To read about Allied Market Research’s top 10, click the image.

Facial Recognition Becoming More Problematic

Other Basic Considerations

Further basic considerations include these. As highlighted by 2021.AI:

When used for good, facial recognition technology helps us log into our phones. Go through passport control scanners at airports. Or identify a single terrorist from the 1,000 security cameras within a given city. However, facial recognition technology becomes problematic when biometric profiles are built of every individual. And then used for mass surveillance. Racial profiling. Or violations of human rights and freedoms.

In light of the protests worldwide, organizations like Amazon, IBM, and Microsoft have withheld selling these technologies to law enforcement. Thereby recognizing that citizens are subject to privacy erosion. To bias. Or to the risk of being misidentified. A ban on all facial recognition technology is not the solution. This will just spawn Shadow AI. And make it impossible to use biometric technology for the good uses. To tackle the issues, we need laws and regulations governing its use, and we need them fast.


The Downside of Latest Technological Advances

With advances in software, there are greater privacy threats. Thus, marketers must proceed with great care.

In its March 21, 2021 issue, the NY Times Sunday Magazine published a cover story by Kashmir Hill. With art by Zach Lieberman. Some highlights:

Computers once performed facial recognition imprecisely. By identifying people’s facial features and measuring the distances among them — a crude method that did not reliably result in matches. But recently, the technology improved significantly. However, now artificial intelligence software can analyze countless photos of people’s faces. And learn to make impressive predictions about which images are of the same person. The more faces it inspects, the better it gets. Clearview AI deploys this approach using billions of photos from the public Internet. By testing legal and ethical limits around the collection and use of those images, it has become the front-runner.

After Clearview’s activities came to light, Senator Ed Markey of Massachusetts wrote the company asking that it reveal its law-enforcement customers and give Americans a way to delete themselves from Clearview’s data base. Officials in Canada, Britain, Australia, and the European Union also investigated. There were bans on police use of facial recognition in parts of the United States. And state legislatures imposed restrictions on it.
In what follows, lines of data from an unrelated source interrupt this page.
lemma prate_eq_rate_num:
  assumes "1 \<le> j" "k \<le> j - 1"
  shows "prate j t k = rate_num j k t / qint j t"
proof -
  have "(\<Sum>l\<in>{int j - int k - 2 .. int j - 2}. of_int (l - int j + int k + 2) * t powi l)
      = (\<Sum>i\<le>k. of_int (int i) * t powi (int j - int k - 2 + int i))"
    by (rule sum.reindex_bij_witness[of _ "\<lambda>i. int j - int k - 2 + int i" "\<lambda>l. nat (l - (int j - int k - 2))"])
       auto
  also have "\<dots> = rate_tail j k t" unfolding rate_tail_def
  proof (rule sum.cong[OF refl])
    fix i assume "i \<in> {..k}"
    show "of_int (int i) * t powi (int j - int k - 2 + int i) = real i * t ^ (j + i - (k + 2))"
    proof (cases "i = 0")
      case False
      hence "int j - int k - 2 + int i = int (j + i - (k + 2))" using assms by simp
      hence "t powi (int j - int k - 2 + int i) = t ^ (j + i - (k + 2))"
        by (simp only: power_int_of_nat)
      thus ?thesis by simp
    qed simp
  qed
  finally show ?thesis unfolding prate_def using assms by (simp add: rate_num_def qint_def qint_deriv_def)
qed

lemma continuous_on_prate:
  assumes "1 \<le> j"
  shows "continuous_on {0..T} (\<lambda>u. prate j u k)"
proof (cases "k \<le> j - 1")
  case True
  have "continuous_on {0..T} (\<lambda>u. rate_num j k u / qint j u)"
    unfolding rate_num_def qint_deriv_def rate_tail_def
    by (intro continuous_intros continuous_on_qint) (use qint_ge_1 assms in fastforce)
  thus ?thesis using prate_eq_rate_num[OF assms True] by simp
qed (simp add: prate_def)

text \<open>The forward Kolmogorov equation \<open>\<pi>\<^sub>k\<^sub>+\<^sub>1' = p\<^sub>j(\<cdot>,k) \<pi>\<^sub>k - p\<^sub>j(\<cdot>,k+1) \<pi>\<^sub>k\<^sub>+\<^sub>1\<close> for
  \<open>\<pi>\<^sub>k(t) = t\<^sup>k / [j]\<^sub>t\<close>; this is what the rates are designed for.\<close>
lemma has_real_derivative_Kolmogorov:
  assumes "k + 2 \<le> j" "t \<ge> 0"
  shows "((\<lambda>u. u ^ Suc k / qint j u) has_real_derivative
           prate j t k * (t ^ k / qint j t) - prate j t (Suc k) * (t ^ Suc k / qint j t)) (at t)"
proof -
  have Z: "qint j t \<ge> 1" using qint_ge_1[of t j] assms by auto
  have "((\<lambda>u. u ^ Suc k / qint j u) has_real_derivative
     ((real (Suc k) * t ^ k) * qint j t - t ^ Suc k * qint_deriv j t) / (qint j t * qint j t)) (at t)"
    using DERIV_pow[of "Suc k" t] Z by (intro DERIV_divide has_real_derivative_qint) auto
  moreover have "((real (Suc k) * t ^ k) * qint j t - t ^ Suc k * qint_deriv j t) / (qint j t * qint j t)
      = prate j t k * (t ^ k / qint j t) - prate j t (Suc k) * (t ^ Suc k / qint j t)"
  proof -
    have p: "prate j t k = rate_num j k t / qint j t" "prate j t (Suc k) = rate_num j (Suc k) t / qint j t"
      using assms by (simp_all add: prate_eq_rate_num)
    show ?thesis unfolding p using Z rate_num_Suc[OF assms(1), of t] by (simp add: field_simps)
  qed
  ultimately show ?thesis by simp
qed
It seemed possible that Clearview AI would be sued, legislated, or shamed out of existence. That didn’t happen. With no federal law prohibiting or regulating the use of facial recognition, Clearview did not change most practices. It shut private companies’ accounts. Yet, it continued acquiring government customers. Clearview offered a free trial to anyone with a law-enforcement E-mail address. In addition, you could access Clearview AI for as little as $2,000 yearly. Most comparable vendors charged six figures. The company later raised the price.